═════ Dataset

lemma exists_compressed:
  "finite G \<Longrightarrow> G \<subseteq> dsubsets k \<Longrightarrow> \<exists>G'. finite G' \<and> G' \<subseteq> dsubsets k \<and> card G' = card G
     \<and> card (shadow G') \<le> card (shadow G) \<and> compressed G'"
proof (induction G rule: measure_induct_rule[of weight])
  case (less G)
  show ?case
  proof (cases "compressed G")
    case True
    with less.prems show ?thesis by blast
  next
    case False
    then obtain u z where uz: "u \<in> G" "z \<in> u" "1 \<notin> u" "insert 1 (u - {z}) \<notin> G"
      unfolding compressed_def by blast
    let ?H = "compress_family z G"
    obtain G' where G': "finite G'" "G' \<subseteq> dsubsets k" "card G' = card ?H"
        "card (shadow G') \<le> card (shadow ?H)" "compressed G'"
      using less.IH[OF weight_compress_family_less[OF less.prems uz]]
        finite_compress_family[OF less.prems(1)] compress_family_subset_dsubsets[OF less.prems(2)]
      by blast
    moreover have "card (shadow ?H) \<le> card (shadow G)"
      using card_shadow_compress_family[OF less.prems] .
    ultimately show ?thesis by (intro exI[of _ G']) (simp add: card_compress_family)
  qed
qed

definition link :: "nat set set \<Rightarrow> nat set set" where
  "link G = (\<lambda>u. u - {1}) ` {u\<in>G. 1 \<in> u}"

definition deletion :: "nat set set \<Rightarrow> nat set set" where
  "deletion G = {u\<in>G. 1 \<notin> u}"

lemma one_notin_link: "v \<in> link G \<Longrightarrow> 1 \<notin> v"
  unfolding link_def by blast

lemma insert_one_link: "v \<in> link G \<Longrightarrow> insert 1 v \<in> G"
  unfolding link_def by (auto simp: insert_absorb)

lemma finite_link: "finite G \<Longrightarrow> finite (link G)"
  unfolding link_def by simp

lemma finite_deletion: "finite G \<Longrightarrow> finite (deletion G)"
  unfolding deletion_def by simp

lemma card_link_deletion: "finite G \<Longrightarrow> card G = card (link G) + card (deletion G)"
proof -
  assume "finite G"
  have "inj_on (\<lambda>u. u - {1}) {u\<in>G. 1 \<in> u}"
    by (rule inj_onI) (metis (no_types, lifting) insert_Diff mem_Collect_eq)
  then have "card (link G) = card {u\<in>G. 1 \<in> u}" unfolding link_def by (rule card_image)
  moreover have "G = {u\<in>G. 1 \<in> u} \<union> deletion G" "{u\<in>G. 1 \<in> u} \<inter> deletion G = {}"
    unfolding deletion_def by auto
  ultimately show ?thesis using \<open>finite G\<close> card_Un_disjoint[of "{u\<in>G. 1 \<in> u}" "deletion G"]
    by (simp add: finite_deletion)
qed

lemma link_subset_dsubsets: "G \<subseteq> dsubsets (Suc k) \<Longrightarrow> link G \<subseteq> dsubsets k"
  unfolding link_def dsubsets_def by auto

lemma deletion_subset_dsubsets: "G \<subseteq> dsubsets k \<Longrightarrow> deletion G \<subseteq> dsubsets k"
  unfolding deletion_def by auto

lemma link_deletion_insert_one:
  assumes "\<And>u. u \<in> A \<Longrightarrow> 1 \<notin> u" "\<And>u. u \<in> B \<Longrightarrow> 1 \<notin> u"
  shows "link (insert 1 ` A \<union> B) = A" "deletion (insert 1 ` A \<union> B) = B"
proof -
  have "{u \<in> insert 1 ` A \<union> B. 1 \<in> u} = insert 1 ` A" using assms(2) by auto
  moreover have "(\<lambda>u. u - {1}) ` insert 1 ` A = A"
    using assms(1) by (force simp: image_image)
  ultimately show "link (insert 1 ` A \<union> B) = A" unfolding link_def by simp
  show "deletion (insert 1 ` A \<union> B) = B" unfolding deletion_def using assms(2) by auto
qed

lemma shadow_link_deletion:
  "shadow G = link G \<union> insert 1 ` shadow (link G) \<union> shadow (deletion G)"
proof (intro equalityI subsetI)
  fix v assume "v \<in> shadow G"
  then obtain u x where u: "u \<in> G" "x \<in> u" "v = u - {x}" unfolding shadow_iff by blast
  show "v \<in> link G \<union> insert 1 ` shadow (link G) \<union> shadow (deletion G)"
  proof (cases "1 \<in> u")
    case True
    then have w: "u - {1} \<in> link G" using u unfolding link_def by blast
    show ?thesis
    proof (cases "x = 1")
      case False
      then have "v = insert 1 ((u - {1}) - {x})" using u True by auto
      moreover have "(u - {1}) - {x} \<in> shadow (link G)" using w u False by (intro shadowI) auto
      ultimately show ?thesis by (intro UnI1 UnI2 image_eqI)
    qed (use u w in simp)
  next
    case False
    then have "u \<in> deletion G" using u unfolding deletion_def by blast
    then show ?thesis using u by (intro UnI2) (simp add: shadowI)
  qed
next
  fix v assume "v \<in> link G \<union> insert 1 ` shadow (link G) \<union> shadow (deletion G)"
  then consider "v \<in> link G" | w where "w \<in> shadow (link G)" "v = insert 1 w"
    | "v \<in> shadow (deletion G)"
    by blast
  then show "v \<in> shadow G"
  proof cases
    case 1
    then show ?thesis using insert_one_link[OF 1] one_notin_link[OF 1] shadowI[of "insert 1 v" G 1]
      by simp
  next
    case 2
    then obtain w0 y where w0: "w0 \<in> link G" "y \<in> w0" "w = w0 - {y}" unfolding shadow_iff by blast
    then have "y \<noteq> 1" using one_notin_link by blast
    then have "v = insert 1 w0 - {y}" using 2 w0 by auto
    moreover have "insert 1 w0 - {y} \<in> shadow G"
      using insert_one_link[OF w0(1)] w0(2) by (intro shadowI) simp_all
    ultimately show ?thesis by simp
  next
    case 3
    then obtain u x where "u \<in> deletion G" "x \<in> u" "v = u - {x}" unfolding shadow_iff by blast
    then show ?thesis unfolding deletion_def by (simp add: shadowI)
  qed
qed

lemma card_link_add_card_shadow_link_le:
  assumes "finite G" "\<forall>u\<in>G. finite u"
  shows "card (link G) + card (shadow (link G)) \<le> card (shadow G)"
proof -
  have fin: "finite (link G)" "finite (shadow (link G))"
    using assms unfolding link_def by (auto intro!: finite_shadow)
  have one_notin: "1 \<notin> w" if "w \<in> shadow (link G)" for w
    using that one_notin_link unfolding shadow_iff by blast
  then have "inj_on (insert 1) (shadow (link G))" by (rule inj_on_insert_avoiding)
  moreover have "link G \<inter> insert 1 ` shadow (link G) = {}" using one_notin_link by blast
  ultimately have "card (link G) + card (shadow (link G)) = card (link G \<union> insert 1 ` shadow (link G))"
    using fin by (simp add: card_Un_disjoint card_image)
  also have "\<dots> \<le> card (shadow G)"
  proof (rule card_mono)
    show "finite (shadow G)" using assms by (rule finite_shadow)
    show "link G \<union> insert 1 ` shadow (link G) \<subseteq> shadow G"
      unfolding shadow_link_deletion[of G] by (rule Un_upper1)
  qed
  finally show ?thesis .
qed

lemma card_shadow_le_link_deletion:
  assumes "finite G" "\<forall>u\<in>G. finite u"
  shows "card (shadow G) \<le> card (link G \<union> shadow (deletion G)) + card (shadow (link G))"
proof -
  have "finite (shadow (link G))"
    using assms unfolding link_def by (intro finite_shadow) auto
  then have "card (insert 1 ` shadow (link G)) \<le> card (shadow (link G))" by (rule card_image_le)
  moreover have "shadow G = (link G \<union> shadow (deletion G)) \<union> insert 1 ` shadow (link G)"
    unfolding shadow_link_deletion[of G] by blast
  ultimately show ?thesis using card_Un_le by (metis add_left_mono le_trans)
qed

lemma shadow_deletion_compressed: "compressed G \<Longrightarrow> shadow (deletion G) \<subseteq> link G"
proof
  fix v assume "compressed G" "v \<in> shadow (deletion G)"
  then obtain u x where u: "u \<in> G" "1 \<notin> u" "x \<in> u" "v = u - {x}"
    unfolding shadow_iff deletion_def by blast
  then have "insert 1 v \<in> G" using \<open>compressed G\<close> unfolding compressed_def by blast
  moreover have "1 \<notin> v" using u by simp
  ultimately show "v \<in> link G" unfolding link_def by (intro image_eqI[of _ _ "insert 1 v"]) auto
qed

══════════

Check every line above for the word "obtain" and copy those that have it.

    then obtain u z where uz: "u \<in> G" "z \<in> u" "1 \<notin> u" "insert 1 (u - {z}) \<notin> G"
    obtain G' where G': "finite G'" "G' \<subseteq> dsubsets k" "card G' = card ?H"
  then obtain u x where u: "u \<in> G" "x \<in> u" "v = u - {x}" unfolding shadow_iff by blast
    then obtain w0 y where w0: "w0 \<in> link G" "y \<in> w0" "w = w0 - {y}" unfolding shadow_iff by blast
    then obtain u x where "u \<in> deletion G" "x \<in> u" "v = u - {x}" unfolding shadow_iff by blast
  then obtain u x where u: "u \<in> G" "1 \<notin> u" "x \<in> u" "v = u - {x}"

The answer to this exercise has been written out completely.